→ **Data**
lemma flip_direction:
  assumes "x \<in> cube_verts d" "j < d"
  shows "g (flip j x) = flip (direction j) (g x)"
  using assms
proof (induction x arbitrary: j rule: cube_verts_induct)
  case origin
  then show ?case using direction by simp
next
  case (flip x i)
  show ?case
  proof (cases "j = i")
    case True
    then show ?thesis using flip.IH[of i] flip.hyps by simp
  next
    case False
    then show ?thesis
      using flip_direction_square[OF flip.hyps flip.prems] flip.IH flip.hyps flip.prems by simp
  qed
qed

lemma nth_g_direction:
  assumes "x \<in> cube_verts d" "i < d"
  shows "g x ! direction i = (g origin ! direction i \<noteq> x ! i)"
  using assms
proof (induction x arbitrary: i rule: cube_verts_induct)
  case origin
  then show ?case by simp
next
  case (flip x j)
  have "x ! i \<noteq> flip j x ! i \<longleftrightarrow> i = j"
    using flip.hyps(1) flip.prems by (auto simp: nth_flip cube_verts_def)
  then show ?case
    using flip flip_direction direction direction_eq_iff length_g by (auto simp: nth_flip)
qed

lemma nth_g_fixed:
  assumes "x \<in> cube_verts d" "k < n" "k \<notin> direction ` {..<d}"
  shows "g x ! k = g origin ! k"
  using assms
proof (induction x rule: cube_verts_induct)
  case (flip x j)
  then show ?case using flip_direction length_g by (auto simp: nth_flip)
qed simp

lemma image_in_cube_faces: "g ` cube_verts d \<in> cube_faces n"
proof -
  define p where
    "p = map (\<lambda>k. if k \<in> direction ` {..<d} then None else Some (g origin ! k)) [0..<n]"
  have "y \<in> g ` cube_verts d" if y: "y \<in> cube_face n p" for y
  proof -
    define x where "x = map (\<lambda>i. y ! direction i \<noteq> g origin ! direction i) [0..<d]"
    have x: "x \<in> cube_verts d" by (simp add: x_def cube_verts_def)
    have "g x ! k = y ! k" if k: "k < n" for k
    proof (cases "k \<in> direction ` {..<d}")
      case True
      then show ?thesis using nth_g_direction[OF x] by (auto simp: x_def)
    next
      case False
      then show ?thesis using nth_g_fixed[OF x k] y k by (auto simp: cube_face_def p_def)
    qed
    then have "g x = y" using y length_g[OF x] by (intro nth_equalityI) (auto simp: cube_face_def)
    with x show ?thesis by blast
  qed
  moreover have "g ` cube_verts d \<subseteq> cube_face n p"
    using nth_g_fixed length_g by (auto simp: cube_face_def p_def)
  ultimately have "g ` cube_verts d = cube_face n p" by blast
  then show ?thesis by (auto simp: cube_faces_def p_def)
qed

end

lemma cubical_complex_face_parametrization:
  assumes cc: "cubical_complex V Q" and F: "F \<in> Q"
  obtains d h where "bij_betw h (cube_verts d) F" and "\<And>X. X \<in> cube_faces d \<Longrightarrow> h ` X \<in> Q"
proof -
  have Q: "singleton_closed Q" using cc by (rule cubical_complex_singleton_closed)
  obtain d where "face_dim Q F d" using cc F by (auto simp: cubical_complex_def)
  then have "incl_iso (cube_faces d) {G\<in>Q. G \<subseteq> F}" by (simp add: face_dim_def incl_iso_sym)
  then obtain h where "bij_betw h (\<Union>(cube_faces d)) (\<Union>{G\<in>Q. G \<subseteq> F})"
    and faces: "\<forall>X\<in>cube_faces d. h ` X \<in> {G\<in>Q. G \<subseteq> F}"
    using incl_iso_induced_by_bij singleton_closed_cube_faces singleton_closed_faces_below[OF Q]
    by blast
  moreover have "\<Union>{G\<in>Q. G \<subseteq> F} = F" using F by (rule Union_faces_below)
  ultimately show ?thesis using that Union_cube_faces by auto
qed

→ **Task description**
What lines above hold the word "ultimately"? List them all.

→ **Solution**
  ultimately have "g ` cube_verts d = cube_face n p" by blast
  ultimately show ?thesis using that Union_cube_faces by auto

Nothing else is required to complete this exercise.